I don't mind the look on his disappointed face. I always needed it to talk. Because only he knows my marriage and Mas Steady after father and mother. But right now I'm really sensitive. I just don't want anyone to know that I'm in a mess.
"A really late afternoon, Ra?"
"There was a lot of work, Toy," I replied.
"Where are you going? There is a night market in the terminal. Wanna go there?" bargained for.
"Go home. Ra's not feeling well today. Next time, Toy."
"Yes already. Buy food first, yes. I know Ra hasn't eaten." I nodded while smiling widely.
"If someone you love betrays you the most, what will you do?"

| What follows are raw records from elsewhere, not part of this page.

definition left_subsumes :: "'v walk0 \<Rightarrow> 'v walk0 \<Rightarrow> bool" where
  "left_subsumes M W \<longleftrightarrow>
     lend M = lend W \<and> (\<forall>x. reach_tip (ltail W) x \<longrightarrow> reach_tip (ltail M) x)"

definition right_subsumes :: "'v walk0 \<Rightarrow> 'v walk0 \<Rightarrow> bool" where
  "right_subsumes M W \<longleftrightarrow>
     rend M = rend W \<and> (\<forall>x. reach_tip (rtail W) x \<longrightarrow> reach_tip (rtail M) x)"

lemma reachL_left_subsumes: "left_subsumes M W \<Longrightarrow> reachL W x \<Longrightarrow> reachL M x"
  by (cases x) (auto simp: left_subsumes_def reachL_def reach_side_def)

lemma reachR_right_subsumes: "right_subsumes M W \<Longrightarrow> reachR W x \<Longrightarrow> reachR M x"
  by (cases x) (auto simp: right_subsumes_def reachR_def reach_side_def)

text \<open>Merging at a common terminal 0-node. A left-infinite walk InfL f is read outwards
  from its terminal node f 0, hence the reversal of b. The last equation only covers pairs
  that cannot share a terminal 0-node.\<close>

fun join0 :: "'v walk0 \<Rightarrow> 'v walk0 \<Rightarrow> 'v walk0" where
  "join0 (Fin a) (Fin b) = Fin (a @ tl b)"
| "join0 (Fin a) (InfR f) = InfR (butlast a \<frown> f)"
| "join0 (InfL f) (Fin b) = InfL (butlast (rev b) \<frown> f)"
| "join0 (InfL f) (InfR h) = Both (\<lambda>i. if 0 \<le> i then h (nat i) else f (nat (- i)))"
| "join0 W1 W2 = W1"

lemma is_walk0_Fin_join:
  assumes "is_walk0 G (Fin a)" "is_walk0 G (Fin b)" "last a = hd b"
  shows "is_walk0 G (Fin (a @ tl b))"
proof -
  obtain u bs where "b = u # bs" using assms(2) by (cases b) auto
  with assms show ?thesis
    unfolding is_walk0_Fin_iff by (auto simp: successively_append_iff successively_Cons)
qed

lemma is_walk0_InfR_join:
  assumes "is_walk0 G (Fin a)" "is_walk0 G (InfR f)" "last a = f 0"
  shows "is_walk0 G (InfR (butlast a \<frown> f))"
proof -
  have "a \<noteq> []" using assms(1) by simp
  then have "butlast a @ [f 0] = a" using assms(3) by (metis append_butlast_last_id)
  with assms show ?thesis
    unfolding is_walk0.simps(2) chain_conc_iff[of "adj G"] is_walk0_Fin_iff by simp
qed

lemma is_walk0_Both_join:
  assumes "is_walk0 G (InfL f)" "is_walk0 G (InfR h)" "f 0 = h 0"
  shows "is_walk0 G (Both (\<lambda>i. if 0 \<le> i then h (nat i) else f (nat (- i))))"
    (is "is_walk0 G (Both ?g)")
proof -
  have g_neg: "?g (- int n) = f n" for n
    using assms(3) by (cases "n = 0") auto
  have "\<forall>n. adj G (?g (int n)) (?g (int (Suc n)))"
    using assms(2) by (simp add: nat_add_distrib)
  moreover have "\<forall>n. adj G (?g (- int (Suc n))) (?g (- int n))"
    using assms(1) by (simp only: g_neg) (simp add: insert_commute)
  ultimately show ?thesis unfolding is_walk0.simps chain_int_iff[of "adj G" ?g] by blast
qed

context
  fixes G :: "'v graph1" and W1 W2 :: "'v walk0" and v :: 'v
  assumes walks: "is_walk0 G W1" "is_walk0 G W2"
    and nontrivial: "nontrivial0 W1" "nontrivial0 W2"
    and meet: "rend W1 = Some v" "lend W2 = Some v"
begin

lemma join0_cases:
  obtains (FinFin) a b where "W1 = Fin a" "W2 = Fin b"
  | (FinR) a f where "W1 = Fin a" "W2 = InfR f"
  | (LFin) f b where "W1 = InfL f" "W2 = Fin b"
  | (LR) f h where "W1 = InfL f" "W2 = InfR h"
  using meet by (cases W1; cases W2) auto

lemma is_walk0_join0: "is_walk0 G (join0 W1 W2)"
proof (cases rule: join0_cases)
  case (FinFin a b)
  then show ?thesis using walks meet is_walk0_Fin_join[of G a b] by simp
next
  case (FinR a f)
  then show ?thesis using walks meet is_walk0_InfR_join[of G a f] by simp
next
  case (LFin f b)
  have "is_walk0 G (InfR (butlast (rev b) \<frown> f))"
  proof (rule is_walk0_InfR_join)
    show "is_walk0 G (Fin (rev b))" using walks(2) LFin is_walk0_rev0[of G W2] by simp
  qed (use walks meet LFin in \<open>simp_all add: last_rev\<close>)
  with LFin show ?thesis by simp
next
  case (LR f h)
  then have "is_walk0 G (InfL f)" "is_walk0 G (InfR h)" "f 0 = h 0" using walks meet by simp_all
  then show ?thesis unfolding LR join0.simps by (rule is_walk0_Both_join)
qed

lemma nontrivial0_join0: "nontrivial0 (join0 W1 W2)"
  using nontrivial by (cases rule: join0_cases) auto

lemma join0_subsumes: "left_subsumes (join0 W1 W2) W1 \<and> right_subsumes (join0 W1 W2) W2"
proof (cases rule: join0_cases)
  case (FinFin a b)
  then have "a \<noteq> []" "tl b \<noteq> []" using nontrivial by (auto simp: tl_Nil)
  with FinFin show ?thesis by (simp add: left_subsumes_def right_subsumes_def last_tl)
next
  case (FinR a f)
  then have "butlast a \<noteq> []" using nontrivial by (auto simp flip: length_greater_0_conv)
  then have "(butlast a \<frown> f) 0 = hd a" by (cases a) (auto split: if_splits)
  with FinR show ?thesis by (simp add: left_subsumes_def right_subsumes_def reach_tip_conc)
next
  case (LFin f b)
  then have "tl b \<noteq> []" using nontrivial by (auto simp: tl_Nil)
  then have "(rev (tl b) \<frown> f) 0 = last b"
    by (metis conc_fst hd_conv_nth hd_rev last_tl length_greater_0_conv rev_is_Nil_conv)
  with LFin show ?thesis by (simp add: left_subsumes_def right_subsumes_def reach_tip_conc)
next
  case (LR f h)
  have "f 0 = h 0" using meet LR by simp
  then have "(\<lambda>n. if 0 \<le> - int n then h (nat (- int n)) else f (nat (- (- int n)))) = f"
    by (auto simp: fun_eq_iff)
  with LR show ?thesis by (simp add: left_subsumes_def right_subsumes_def)
qed

lemma len0_join0_le: "len0 (join0 W1 W2) \<le> len0 W1 \<oplus>\<^sub>o len0 W2"
  using nontrivial by (cases rule: join0_cases) (auto simp: natsum_def)

end

section \<open>1-walks\<close>

definition segment :: "'v graph1 \<Rightarrow> 'v node \<Rightarrow> 'v walk0 \<Rightarrow> 'v node \<Rightarrow> bool" where
  "segment G x W y \<longleftrightarrow> is_walk0 G W \<and> nontrivial0 W \<and> reachL W x \<and> reachR W y"

definition tip_junction :: "'v walk0 \<Rightarrow> 'v node \<Rightarrow> 'v walk0 \<Rightarrow> bool" where
  "tip_junction W y W' \<longleftrightarrow> reach_tip (rtail W) y \<or> reach_tip (ltail W') y"

lemma segment_rev0 [simp]: "segment G y (rev0 W) x = segment G x W y"
  by (auto simp: segment_def)

lemma tip_junction_rev0 [simp]: "tip_junction (rev0 W') y (rev0 W) = tip_junction W y W'"
  by (auto simp: tip_junction_def)

lemma is_walk1_iff:
  "is_walk1 G xs ws \<longleftrightarrow> ws \<noteq> [] \<and> length xs = Suc (length ws) \<and> set xs \<subseteq> nodes G \<and>
     (\<forall>k<length ws. segment G (xs ! k) (ws ! k) (xs ! Suc k)) \<and>
     (\<forall>k. Suc k < length ws \<longrightarrow> tip_junction (ws ! k) (xs ! Suc k) (ws ! Suc k))"
proof -
  have shift: "(\<forall>k. 1 \<le> k \<and> k < n \<longrightarrow> P k) \<longleftrightarrow> (\<forall>k. Suc k < n \<longrightarrow> P (Suc k))"
    for n and P :: "nat \<Rightarrow> bool"
    by (auto simp: Suc_le_eq gr0_conv_Suc)
  txt \<open>The requirement that interior nodes be 1-nodes is implied by the tip junctions.\<close>
  have "tip_junction W x W' \<Longrightarrow> \<exists>n. x = N1 n" for W W' :: "'v walk0" and x
    unfolding tip_junction_def using reach_tip_N1 by blast
  then show ?thesis
    unfolding is_walk1_def segment_def shift by (simp add: Suc_le_eq tip_junction_def) blast
qed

"Totally serious, though. Why, anyway?" Hardcore chuckles.
"Yes, answer me" I said.
"having to. If that person was my family, yes I would be sorry even if I had to work hard for it. And if that guy is Ra, then I'll be sorry too. But-"
"But what?"
"What then? Why should I go?"
"Haha. Why is Ra's face so panicked, anyway? I'm sure Ra would never do that. Hardcore believes Ra can keep a heart for a Hardcore."
I just smiled, not responding. I can't imagine that the man I love so much would leave knowing I betrayed him. Not if, but I betrayed him. Maybe just wait for the right time for Tegar to know all the secrets I've been hiding from him. And when the time comes, I'll still love Tegar no matter what the risk. I would still want him to stop by even if I had to sacrifice a lot of things. I'm selfish.

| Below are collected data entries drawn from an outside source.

lemma snd_twist_g2:
  assumes "vector_space s1" "vector_space s2"
    and g1_closed: "\<And>x y z. snd (T (x, 0) (y, 0) (z, 0)) = 0"
  shows "snd (twist s1 s2 H T (0, u) (0, v) (0, w)) = bracket_H T H u v w"
proof -
  interpret vector_space s2 by fact
  have sum_5: "(\<Sum>k<5. f k) = f 0 + f 1 + f 2 + f 3 + f 4" for f :: "nat \<Rightarrow> 'b"
    by (simp add: lessThan_nat_numeral add_ac)
  have "snd (twist s1 s2 H T (0, u) (0, v) (0, w))
      = (\<Sum>k<5. s2 (inverse (of_nat (fact k))) (snd ((XH H ^^ k) T (0, u) (0, v) (0, w))))"
    by (simp add: twist_eq_sum[OF assms(1,2) H_0 funpow_XH_5] snd_sum prod_scale_def)
  also have "\<dots> = bracket_H T H u v w"
    unfolding sum_5 snd_funpow_XH_g2[OF g1_closed]
    by (simp add: scale_half_double[OF assms(2)]) (simp add: bracket_H_def add.assoc)
  finally show ?thesis .
qed

end

theorem proposition4p7:
  fixes s1 :: "'k::field_char_0 \<Rightarrow> 'a::ab_group_add \<Rightarrow> 'a"
    and s2 :: "'k \<Rightarrow> 'b::ab_group_add \<Rightarrow> 'b"
    and T :: "'a \<times> 'b \<Rightarrow> 'a \<times> 'b \<Rightarrow> 'a \<times> 'b \<Rightarrow> 'a \<times> 'b"
    and H :: "'b \<Rightarrow> 'a"
  assumes "vector_space s1" and "vector_space s2"
    and "Vector_Spaces.linear s2 s1 H"
    and "twilled s1 s2 T"
    and "twilled s1 s2 (twist s1 s2 H T)"
  shows "lie_triple_system s2 (bracket_H T H)"
proof -
  have tri: "trilinear (prod_scale s1 s2) T"
    and g1_closed: "\<And>x y z. snd (T (x, 0) (y, 0) (z, 0)) = 0"
    using assms(4) by (auto simp: twilled_def lie_triple_system_def)
  have lts_twist: "lie_triple_system (prod_scale s1 s2) (twist s1 s2 H T)"
    and g2_closed: "\<And>u v w. fst (twist s1 s2 H T (0, u) (0, v) (0, w)) = 0"
    using assms(5) by (auto simp: twilled_def)
  interpret triadditive_twisting T H
    using trilinearD(1-3)[OF tri] assms(3) by unfold_locales (auto simp: Vector_Spaces.linear_iff)
  have "twist s1 s2 H T (0, u) (0, v) (0, w) = (0, bracket_H T H u v w)" for u v w
    using g2_closed snd_twist_g2[OF assms(1,2) g1_closed] by (simp add: prod_eq_iff)
  then show ?thesis
    by (rule lie_triple_system_restrict_snd[OF lts_twist assms(2)])
qed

Fifteen minutes to the apartment after stopping to wrap the food. Sweet words always come out of my mouth. Not the seduction of a crocodile, his love is sincere, as pure as the sand that loves the ocean. And a land that receives rain. I hope this love will last forever. The mistakes I made in the past will soon find a way out.

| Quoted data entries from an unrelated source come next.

lemma mat_of_hma_carrier: "mat_of_hma h X \<in> carrier_mat CARD('n) CARD('n)"
  for X :: "'a^'n::finite^'n"
  by (rule carrier_matI) simp_all

context
  fixes h :: "nat \<Rightarrow> 'n::finite"
  assumes h: "bij_betw h {..<CARD('n)} UNIV"
begin

lemma mat_of_hma_mult:
  "mat_of_hma h (X ** Y) = mat_of_hma h X * mat_of_hma h (Y :: 'a::comm_semiring_1^'n^'n)"
proof (rule eq_matI)
  fix i j
  assume "i < dim_row (mat_of_hma h X * mat_of_hma h Y)" "j < dim_col (mat_of_hma h X * mat_of_hma h Y)"
  then have ij: "i < CARD('n)" "j < CARD('n)"
    by simp_all
  have "(mat_of_hma h X * mat_of_hma h Y) $$ (i, j) =
      (\<Sum>k<CARD('n). X $ h i $ h k * Y $ h k $ h j)"
    using ij by (simp add: mat_of_hma_def scalar_prod_def atLeast0LessThan)
  also have "\<dots> = (\<Sum>k\<in>UNIV. X $ h i $ k * Y $ k $ h j)"
    by (rule sum.reindex_bij_betw[OF h])
  finally show "mat_of_hma h (X ** Y) $$ (i, j) = (mat_of_hma h X * mat_of_hma h Y) $$ (i, j)"
    using ij by (simp add: mat_of_hma_def matrix_matrix_mult_def)
qed simp_all

lemma mat_of_hma_one:
  "mat_of_hma h (Finite_Cartesian_Product.mat 1 :: 'a::semiring_1^'n^'n) = 1\<^sub>m CARD('n)"
proof (rule eq_matI)
  fix i j assume "i < dim_row (1\<^sub>m CARD('n) :: 'a mat)" "j < dim_col (1\<^sub>m CARD('n) :: 'a mat)"
  then have ij: "i < CARD('n)" "j < CARD('n)"
    by simp_all
  then have "h i = h j \<longleftrightarrow> i = j"
    using h by (auto simp: bij_betw_def inj_on_def)
  then show "mat_of_hma h (Finite_Cartesian_Product.mat 1) $$ (i, j) = 1\<^sub>m CARD('n) $$ (i, j)"
    using ij by (simp add: mat_of_hma_def Finite_Cartesian_Product.mat_def)
qed simp_all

"Ra, do you know why rainwater prefers to come down from the sky and not from the ground?" ask before I get out of the car.
"Too from the ground instead of down dong. Which there goes up. Is there rain coming from the ground? It rained from the sky" I replied in protest.
"Wrong." Rigid pinched my cheek with anxiety. I just lowered my eyebrows to get an answer.
"Because the Rain loves the land. The deeper the rain falls into the ground, the deeper the love of rain for the soil."
"I still don't understand your language, Toy."
Tegar again chattered to explain the meaning of his words earlier. I laughed but was also happy when the two of Tegar told me love. Should have been from a long time ago. This relationship should have been official long before Teguh destroyed my future and plunged me into the life of Mas Kukuh.
Someone from afar stroked her forehead as I just got off the car.
***
I stared at the building I had been looking for twenty minutes ago. Smile widely. Looking at the white clouds like cotton for a moment so beautiful. Pray to the Almighty before stepping into the building. Some of the files are in my hands, some are in my lawyers who want to help me to finish everything immediately.
"Good Mother, are you sure of this decision?" ask my lawyer for the umpteenth time. I nodded while smiling.
"Let's go in, sir."
"Are you ready to assume the status of a young widow?" ask again. I stopped my steps but didn't look. The widow? Wouldn't it be better than being stuck in a relationship that would only scratch the hearts of many? I went back to convincing my lawyer. Try as much as possible not to scold him for constantly asking. I have to keep being nice so that everything goes smoothly without a hitch.
I was forced to use the photos of togetherness of Mas Kukuh and Sukma as evidence. Is not connecting with a woman other than a wife called cheating? So there's no harm in me using this excuse to immediately sue Mas Kukuh divorce. The sooner the better.
It's 12:28, it's time to go to the next destination. I need to tell Dad right away. I know I'm in such a hurry.
A very hot day. The weather is often unstable. I laugh. Laughing at myself so bad.